## TASK PROMPT:
Write each line word for word, from the line that contains "- 1). insert" through the last line of the material below.

## TASK MATERIAL:
lemma card_small_subsets_containing:
  assumes "finite N" "x \<in> N"
  shows "card {T \<in> small_subsets N k. x \<in> T} = card (small_subsets (N - {x}) (k - 1))"
proof (rule bij_betw_same_card[of "\<lambda>T. T - {x}"], rule bij_betw_byWitness[where f' = "insert x"])
  have card_remove: "card (T - {x}) < k - 1 \<longleftrightarrow> card T < k" if "T \<subseteq> N" "x \<in> T" for T
  proof -
    have "finite T" using that(1) assms(1) finite_subset by blast
    then have "0 < card T" "card (T - {x}) = card T - 1" using that(2) card_gt_0_iff by auto
    then show ?thesis by linarith
  qed
  show "(\<lambda>T. T - {x}) ` {T \<in> small_subsets N k. x \<in> T} \<subseteq> small_subsets (N - {x}) (k - 1)"
  proof
    fix S assume "S \<in> (\<lambda>T. T - {x}) ` {T \<in> small_subsets N k. x \<in> T}"
    then obtain T where "T \<subseteq> N" "card T < k" "x \<in> T" "S = T - {x}"
      unfolding small_subsets_def by blast
    then show "S \<in> small_subsets (N - {x}) (k - 1)"
      using card_remove[of T] unfolding small_subsets_def by blast
  qed
  have "card (insert x T) < k" if "T \<subseteq> N - {x}" "card T < k - 1" for T
  proof -
    have "finite T" using that(1) assms(1) finite_subset by blast
    moreover have "x \<notin> T" using that(1) by blast
    ultimately show ?thesis using that(2) by simp
  qed
  then show "insert x ` small_subsets (N - {x}) (k - 1) \<subseteq> {T \<in> small_subsets N k. x \<in> T}"
    using assms(2) unfolding small_subsets_def by auto
  show "\<forall>T \<in> {T \<in> small_subsets N k. x \<in> T}. insert x (T - {x}) = T" by blast
  show "\<forall>T \<in> small_subsets (N - {x}) (k - 1). insert x T - {x} = T"
    unfolding small_subsets_def by blast
qed

lemma card_small_subsets_containing_eq:
  assumes "finite N" "x \<in> N" "y \<in> N"
  shows "card {T \<in> small_subsets N k. x \<in> T} = card {T \<in> small_subsets N k. y \<in> T}"
  using assms by (simp add: card_small_subsets_containing card_small_subsets)

lemma sum_add_card_1_eq_double_card_add_card_3:
  fixes c :: "'a \<Rightarrow> nat"
  assumes "finite U" "\<forall>T\<in>U. c T \<in> {1, 2, 3}"
  shows "sum c U + card {T \<in> U. c T = 1} = 2 * card U + card {T \<in> U. c T = 3}"
proof -
  have "sum c U + card {T \<in> U. c T = 1} = (\<Sum>T\<in>U. c T + of_bool (c T = 1))"
    using assms(1) by (simp add: sum.distrib Int_def)
  also have "\<dots> = (\<Sum>T\<in>U. 2 + of_bool (c T = 3))"
    using assms(2) by (intro sum.cong) auto
  also have "\<dots> = 2 * card U + card {T \<in> U. c T = 3}"
    using assms(1) by (simp only: sum.distrib) (simp add: Int_def)
  finally show ?thesis .
qed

## ANSWER FOR THE TASK:
  show "\<forall>T \<in> small_subsets (N - {x}) (k - 1). insert x T - {x} = T"
    unfolding small_subsets_def by blast
qed

lemma card_small_subsets_containing_eq:
  assumes "finite N" "x \<in> N" "y \<in> N"
  shows "card {T \<in> small_subsets N k. x \<in> T} = card {T \<in> small_subsets N k. y \<in> T}"
  using assms by (simp add: card_small_subsets_containing card_small_subsets)

lemma sum_add_card_1_eq_double_card_add_card_3:
  fixes c :: "'a \<Rightarrow> nat"
  assumes "finite U" "\<forall>T\<in>U. c T \<in> {1, 2, 3}"
  shows "sum c U + card {T \<in> U. c T = 1} = 2 * card U + card {T \<in> U. c T = 3}"
proof -
  have "sum c U + card {T \<in> U. c T = 1} = (\<Sum>T\<in>U. c T + of_bool (c T = 1))"
    using assms(1) by (simp add: sum.distrib Int_def)
  also have "\<dots> = (\<Sum>T\<in>U. 2 + of_bool (c T = 3))"
    using assms(2) by (intro sum.cong) auto
  also have "\<dots> = 2 * card U + card {T \<in> U. c T = 3}"
    using assms(1) by (simp only: sum.distrib) (simp add: Int_def)
  finally show ?thesis .
qed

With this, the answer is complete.